Casado e pai de três filhos, capitão de submarino desaparecido disse à mãe que faria ‘última viagem’

Em estado de choque, Emma Nelly contou que filho passaria a trabalhar em terra

O capitão do submarino ARA San Juan, Pedro Martín Fernández, prometeu a sua mãe que faria sua última viagem na embarcação e então trabalharia em terra firme, contou Emma Nelly Juárez ao jornal local “La Gaceta”. Casado e pai de três filhos, Fernández tem 45 anos e é um dos 44 tripulantes desaparecidos, cuja busca desesperada concentra esforços de vários países. Nesta quinta-feira, a Marinha argentina confirmou uma possível explosão no mesmo dia e local onde o submarino perdeu a comunicação.

Fernandéz passou toda sua infância e parte da adolescência em San Miguel de Tucumán, maior cidade e capital da província de Tucumán, até começar a carreira militar. Na casa materna do capitão, familiares, amigos e vizinhos vivem momentos de incerteza e angústia. Todos tentam confortar sua mãe Emma, de 80 anos, que nas últimas horas entrou em estado de choque emocional devido à situação dramática.

— Ele viajou pelo mundo todo e navegou duas vezes com a Fragata Liberdade — recorda Emma com orgulho ao “La Gaceta”. — Ele me contou que essa iria ser sua última viagem no submarino. Depois trabalharia em terra.

Segundo a mãe do capitão, ele sempre quis ser militar e se preparou para entrar para o Exército, mas uma lesão durante uma partida de rúgbi o fez mudar para a Marinha. Ao jornal, Emma contou que esperava com ansiedade as visitas de seu filho, a nora e os três netos nas férias de julho e em dezembro para as festas de fim de ano. Há nove anos, Fernandéz morava em Mar del Plata com sua mulher, que conheceu quando tinha 14 anos na escola em que estudavam.

DOR E INDIGNAÇÃO

Os parentes dos 44 membros da tripulação do submarino desaparecido há oito dias no Atlântico Sul reagiram com dor e indignação ao relatório divulgado nesta quinta-feira pela Marinha argentina sobre uma explosão no mar no dia do último contato com a embarcação. Quase cem parentes esperavam esperançosamente dentro da base naval de Mar del Plata, cujo perímetro nos últimos dias foi preenchido com mensagens de encorajamento, imagens religiosas e bandeiras argentinas.

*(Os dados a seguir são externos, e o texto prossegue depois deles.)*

lemma perm_snoc_eq_iff:
  assumes "q permutes {1..n}" and "q' permutes {1..n}"
  shows "perm_snoc n q v = perm_snoc n q' v' \<longleftrightarrow> q = q' \<and> v = v'"
proof
  assume eq: "perm_snoc n q v = perm_snoc n q' v'"
  have "v = v'"
    using fun_cong[OF eq, of "Suc n"] by (simp add: perm_snoc_def)
  moreover have "q a = q' a" for a
  proof (cases "a \<in> {1..n}")
    case True
    then show ?thesis
      using fun_cong[OF eq, of a] \<open>v = v'\<close> by (simp add: perm_snoc_def)
  next
    case False
    then show ?thesis
      using assms by (simp add: permutes_not_in)
  qed
  ultimately show "q = q' \<and> v = v'" by auto
qed simp

lemma bij_betw_perm_snoc:
  "bij_betw (\<lambda>(q, v). perm_snoc n q v)
     ({q. q permutes {1..n}} \<times> {1..Suc n}) {p. p permutes {1..Suc n}}"
proof -
  let ?f = "\<lambda>(q, v). perm_snoc n q v" and ?A = "{q. q permutes {1..n}} \<times> {1..Suc n}"
  have inj: "inj_on ?f ?A"
    by (rule inj_onI) (auto simp: perm_snoc_eq_iff)
  have "?f ` ?A \<subseteq> {p. p permutes {1..Suc n}}"
    using perm_snoc_permutes by auto
  moreover have "card (?f ` ?A) = card {p. p permutes {1..Suc n}}"
    by (subst card_image[OF inj]) (simp add: card_cartesian_product card_permutations)
  ultimately have "?f ` ?A = {p. p permutes {1..Suc n}}"
    by (intro card_subset_eq) (auto simp: finite_permutations)
  with inj show ?thesis
    by (simp add: bij_betw_def)
qed

lemma is_record_perm_snoc:
  assumes "a \<le> n"
  shows "is_record (perm_snoc n q v) a \<longleftrightarrow> is_record q a"
  unfolding is_record_def using assms by (intro ball_cong) (auto simp: perm_snoc_def)

lemma is_record_perm_snoc_last:
  assumes q: "q permutes {1..n}" and v: "v \<in> {1..Suc n}"
  shows "is_record (perm_snoc n q v) (Suc n) \<longleftrightarrow> v = 1"
proof
  assume rec: "is_record (perm_snoc n q v) (Suc n)"
  show "v = 1"
  proof (rule ccontr)
    assume "v \<noteq> 1"
    with v have "1 \<in> q ` {1..n}"
      using permutes_image[OF q] by auto
    then obtain a where a: "a \<in> {1..n}" "q a = 1"
      by (metis imageE)
    then have "perm_snoc n q v a = 1"
      using \<open>v \<noteq> 1\<close> v by (simp add: perm_snoc_def bump_def)
    moreover have "perm_snoc n q v (Suc n) < perm_snoc n q v a"
      using rec a by (simp add: is_record_def)
    ultimately show False
      using v by (simp add: perm_snoc_def)
  qed
next
  assume "v = 1"
  show "is_record (perm_snoc n q v) (Suc n)"
    unfolding is_record_def
  proof
    fix a assume "a \<in> {1..<Suc n}"
    then have "a \<in> {1..n}" "q a \<in> {1..n}"
      using permutes_in_image[OF q] by auto
    then show "perm_snoc n q v (Suc n) < perm_snoc n q v a"
      using \<open>v = 1\<close> by (simp add: perm_snoc_def bump_def)
  qed
qed

definition perms_snoc :: "nat \<Rightarrow> nat \<Rightarrow> (nat \<Rightarrow> nat \<Rightarrow> nat) \<Rightarrow> (nat \<Rightarrow> nat) \<Rightarrow> nat \<Rightarrow> nat \<Rightarrow> nat" where
  "perms_snoc n k qs vs = (\<lambda>b\<in>{1..k}. perm_snoc n (qs b) (vs b))"

lemma bij_betw_perms_snoc:
  "bij_betw (\<lambda>(qs, vs). perms_snoc n k qs vs)
     (perm_tuples n k \<times> Pi\<^sub>E {1..k} (\<lambda>_. {1..Suc n})) (perm_tuples (Suc n) k)"
  unfolding perm_tuples_def perms_snoc_def
  by (rule bij_betw_PiE_pairs[OF bij_betw_perm_snoc])

lemma rec_count_perms_snoc:
  assumes "a \<le> n"
  shows "rec_count k (perms_snoc n k qs vs) a = rec_count k qs a"
  unfolding rec_count_def perms_snoc_def
  using assms by (intro arg_cong[where f = card] Collect_cong conj_cong refl)
    (simp_all add: is_record_perm_snoc)

lemma rec_count_perms_snoc_last:
  assumes "qs \<in> perm_tuples n k" and "vs \<in> Pi\<^sub>E {1..k} (\<lambda>_. {1..Suc n})"
  shows "rec_count k (perms_snoc n k qs vs) (Suc n) = card {b\<in>{1..k}. vs b = 1}"
  unfolding rec_count_def perms_snoc_def
  using assms by (intro arg_cong[where f = card] Collect_cong)
    (auto simp: perm_tuples_def PiE_iff is_record_perm_snoc_last)

lemma card_seq_opt_set_perms_snoc:
  assumes "qs \<in> perm_tuples n k" and "vs \<in> Pi\<^sub>E {1..k} (\<lambda>_. {1..Suc n})"
  shows "card (seq_opt_set (Suc n) k c (perms_snoc n k qs vs)) =
    card (seq_opt_set n k c qs) + (if c (card {b\<in>{1..k}. vs b = 1}) = 1 then 1 else 0)"
proof -
  have "seq_opt_set (Suc n) k c (perms_snoc n k qs vs) =
      seq_opt_set n k c qs \<union> (if c (card {b\<in>{1..k}. vs b = 1}) = 1 then {Suc n} else {})"
    using rec_count_perms_snoc rec_count_perms_snoc_last[OF assms]
    by (auto simp: seq_opt_set_def le_Suc_eq)
  moreover have "finite (seq_opt_set n k c qs)" "Suc n \<notin> seq_opt_set n k c qs"
    by (auto simp: seq_opt_set_def)
  ultimately show ?thesis
    by simp
qed

definition weight_poly :: "nat \<Rightarrow> nat \<Rightarrow> (nat \<Rightarrow> nat) \<Rightarrow> real poly" where
  "weight_poly n k c = (\<Sum>pis\<in>perm_tuples n k. monom 1 (card (seq_opt_set n k c pis)))"

lemma coeff_weight_poly: "coeff (weight_poly n k c) m = real (O_C n k c (int m))"
  by (simp add: weight_poly_def O_C_def coeff_sum coeff_monom perm_tuples_def
      sum.If_cases[OF finite_PiE] finite_permutations Int_def)

lemma weight_poly_0: "weight_poly 0 k c = 1"
  by (simp add: weight_poly_def seq_opt_set_def perm_tuples_def card_PiE)

lemma weight_poly_Suc:
  "weight_poly (Suc n) k c = weight_poly n k c *
     (\<Sum>vs\<in>Pi\<^sub>E {1..k} (\<lambda>_. {1..Suc n}). monom 1 (if c (card {b\<in>{1..k}. vs b = 1}) = 1 then 1 else 0))"
proof -
  let ?V = "Pi\<^sub>E {1..k} (\<lambda>_. {1..Suc n})"
  have "weight_poly (Suc n) k c =
      (\<Sum>(qs, vs)\<in>perm_tuples n k \<times> ?V. monom 1 (card (seq_opt_set (Suc n) k c (perms_snoc n k qs vs))))"
    unfolding weight_poly_def
    by (subst sum.reindex_bij_betw[OF bij_betw_perms_snoc, symmetric]) (simp add: case_prod_unfold)
  also have "\<dots> = (\<Sum>(qs, vs)\<in>perm_tuples n k \<times> ?V. monom 1 (card (seq_opt_set n k c qs)) *
      monom 1 (if c (card {b\<in>{1..k}. vs b = 1}) = 1 then 1 else 0))"
    by (intro sum.cong refl) (auto simp: card_seq_opt_set_perms_snoc mult_monom)
  also have "\<dots> = weight_poly n k c *
      (\<Sum>vs\<in>?V. monom 1 (if c (card {b\<in>{1..k}. vs b = 1}) = 1 then 1 else 0))"
    by (simp add: weight_poly_def sum_product sum.cartesian_product)
  finally show ?thesis .
qed

definition binom_sum :: "nat \<Rightarrow> nat \<Rightarrow> (nat \<Rightarrow> real) \<Rightarrow> real" where
  "binom_sum k j X = (\<Sum>l\<le>k. real (k choose l) * real j ^ (k - l) * X l)"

— É a primeira vez que venho à base naval e acabo de saber que sou viúva — declarou Jessica Gopar em lágrimas em frente à base naval de Mar do Plata, 400 km ao sul de Buenos Aires. — Fernando Santilli, eletricista do ARA San Juan, foi meu grande amor, tínhamos sete anos de namoro, seis de casamento e temos um filho, Stefano, que nos custou muito até que Deus nos enviasse.

O filho do casal tem apenas um ano e acabou de aprender a dizer ‘papai’ durante sua ausência, de acordo com uma carta postada no Facebook de Jessica. “Todos morreram, foi a primeira coisa que pensei”, disse sobre o momento em que soube da explosão. Tinha em suas mãos um cartão manuscrito com a fotografia de seu filho trazido para deixá-lo na entrada do prédio naval, preenchido com mensagens para a tripulação.

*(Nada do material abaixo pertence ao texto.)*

lemma M2s_Units_if_det_s_Units:
  fixes R (structure)
  assumes "cring R" and s: "s \<in> carrier R" and A: "A \<in> carrier (M2s R s)"
    and det: "det_s R s A \<in> Units R"
  shows "A \<in> Units (M2s R s)"
proof -
  interpret cring R by fact
  obtain a b c d where A_eq: "A = (a, b, c, d)" by (cases A) auto
  have abcd: "a \<in> carrier R" "b \<in> carrier R" "c \<in> carrier R" "d \<in> carrier R"
    using A by (simp_all add: A_eq M2s_simps)
  define i where "i = inv (det_s R s A)"
  have i: "i \<in> carrier R" "i \<otimes> (a \<otimes> d \<ominus> s \<otimes> s \<otimes> b \<otimes> c) = \<one>"
    using det by (simp_all add: i_def A_eq det_s_def)
  \<comment> \<open>the adjugate scaled by \<open>det\<^sub>s(A)\<^sup>-\<^sup>1\<close>\<close>
  define X where "X = (i \<otimes> d, \<ominus> (i \<otimes> b), \<ominus> (i \<otimes> c), i \<otimes> a)"
  have X: "X \<in> carrier (M2s R s)" using i(1) abcd by (simp add: X_def M2s_simps)
  define \<delta> where "\<delta> = a \<otimes> d \<ominus> s \<otimes> s \<otimes> b \<otimes> c"
  have "X \<otimes>\<^bsub>M2s R s\<^esub> A = (i \<otimes> \<delta>, \<zero>, \<zero>, i \<otimes> \<delta>)"
    unfolding X_def A_eq \<delta>_def M2s_simps using i(1) abcd s by (intro prod_eqI; simp; algebra)
  moreover have "A \<otimes>\<^bsub>M2s R s\<^esub> X = (i \<otimes> \<delta>, \<zero>, \<zero>, i \<otimes> \<delta>)"
    unfolding X_def A_eq \<delta>_def M2s_simps using i(1) abcd s by (intro prod_eqI; simp; algebra)
  ultimately have "X \<otimes>\<^bsub>M2s R s\<^esub> A = \<one>\<^bsub>M2s R s\<^esub>" "A \<otimes>\<^bsub>M2s R s\<^esub> X = \<one>\<^bsub>M2s R s\<^esub>"
    using i(2) by (simp_all add: \<delta>_def M2s_simps)
  thus ?thesis using X A unfolding Units_def by blast
qed

lemma m2_scalar_in_jacobson:
  fixes R (structure)
  assumes "cring R" and s: "s \<in> carrier R" and t: "t \<in> jacobson R"
  shows "m2_scalar R t \<in> jacobson (M2s R s)"
proof -
  interpret cring R by fact
  have tc: "t \<in> carrier R" using t by (rule jacobson_closed)
  have "\<one>\<^bsub>M2s R s\<^esub> \<ominus>\<^bsub>M2s R s\<^esub> X \<otimes>\<^bsub>M2s R s\<^esub> m2_scalar R t \<in> Units (M2s R s)"
    if X: "X \<in> carrier (M2s R s)" for X
  proof -
    obtain x1 x2 x3 x4 where X_eq: "X = (x1, x2, x3, x4)" by (cases X) auto
    have x: "x1 \<in> carrier R" "x2 \<in> carrier R" "x3 \<in> carrier R" "x4 \<in> carrier R"
      using X by (simp_all add: X_eq M2s_simps)
    have "X \<otimes>\<^bsub>M2s R s\<^esub> m2_scalar R t = (x1 \<otimes> t, x2 \<otimes> t, x3 \<otimes> t, x4 \<otimes> t)"
      using x s tc by (simp add: X_eq m2_scalar_def M2s_simps)
    hence diff: "\<one>\<^bsub>M2s R s\<^esub> \<ominus>\<^bsub>M2s R s\<^esub> X \<otimes>\<^bsub>M2s R s\<^esub> m2_scalar R t
        = (\<one> \<ominus> x1 \<otimes> t, \<zero> \<ominus> x2 \<otimes> t, \<zero> \<ominus> x3 \<otimes> t, \<one> \<ominus> x4 \<otimes> t)"
      using x tc by (simp add: M2s_simps(4) M2s_minus[OF assms(1) s] M2s_simps(1))
    define y where "y = x1 \<oplus> x4 \<ominus> t \<otimes> x1 \<otimes> x4 \<oplus> s \<otimes> s \<otimes> t \<otimes> x2 \<otimes> x3"
    have "det_s R s (\<one> \<ominus> x1 \<otimes> t, \<zero> \<ominus> x2 \<otimes> t, \<zero> \<ominus> x3 \<otimes> t, \<one> \<ominus> x4 \<otimes> t) = \<one> \<ominus> y \<otimes> t"
      unfolding det_s_def y_def using x s tc by simp algebra
    moreover have "\<one> \<ominus> y \<otimes> t \<in> Units R" using t x s tc by (simp add: jacobson_def y_def)
    ultimately show ?thesis
      unfolding diff using x s tc
      by (intro M2s_Units_if_det_s_Units[OF assms(1) s]) (simp_all add: M2s_simps)
  qed
  thus ?thesis using tc by (simp add: jacobson_def m2_scalar_def M2s_simps)
qed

— Não irá me servir de nada uma placa que diz ‘os heróis de San Juan’ — declarou Jessica antes de se afogar novamente em lágrimas.

Itatí Leguizamón, advogada e mulher de um operador de sonar do ARA San Juan, ficou enfurecida com a notícia.

— Eu me sinto enganada! É impossível que tenham descoberto só agora! São perversos e nos manipularam. Não nos disseram que estão mortos, mas afirmaram que o submarino está a 3 mil metros (de profundidade). O que se pode entender?! — afirmou Itatí, mulher de German Suarez. — Vão continuar procurando por eles porque têm a obrigação de fazê-lo. Mas quando ouviram a notícia de que todos explodiram lá dentro, os familiares pularam em cima deles e não deixaram que continuassem a ler o comunicado, as pessoas ficaram muito agressivas.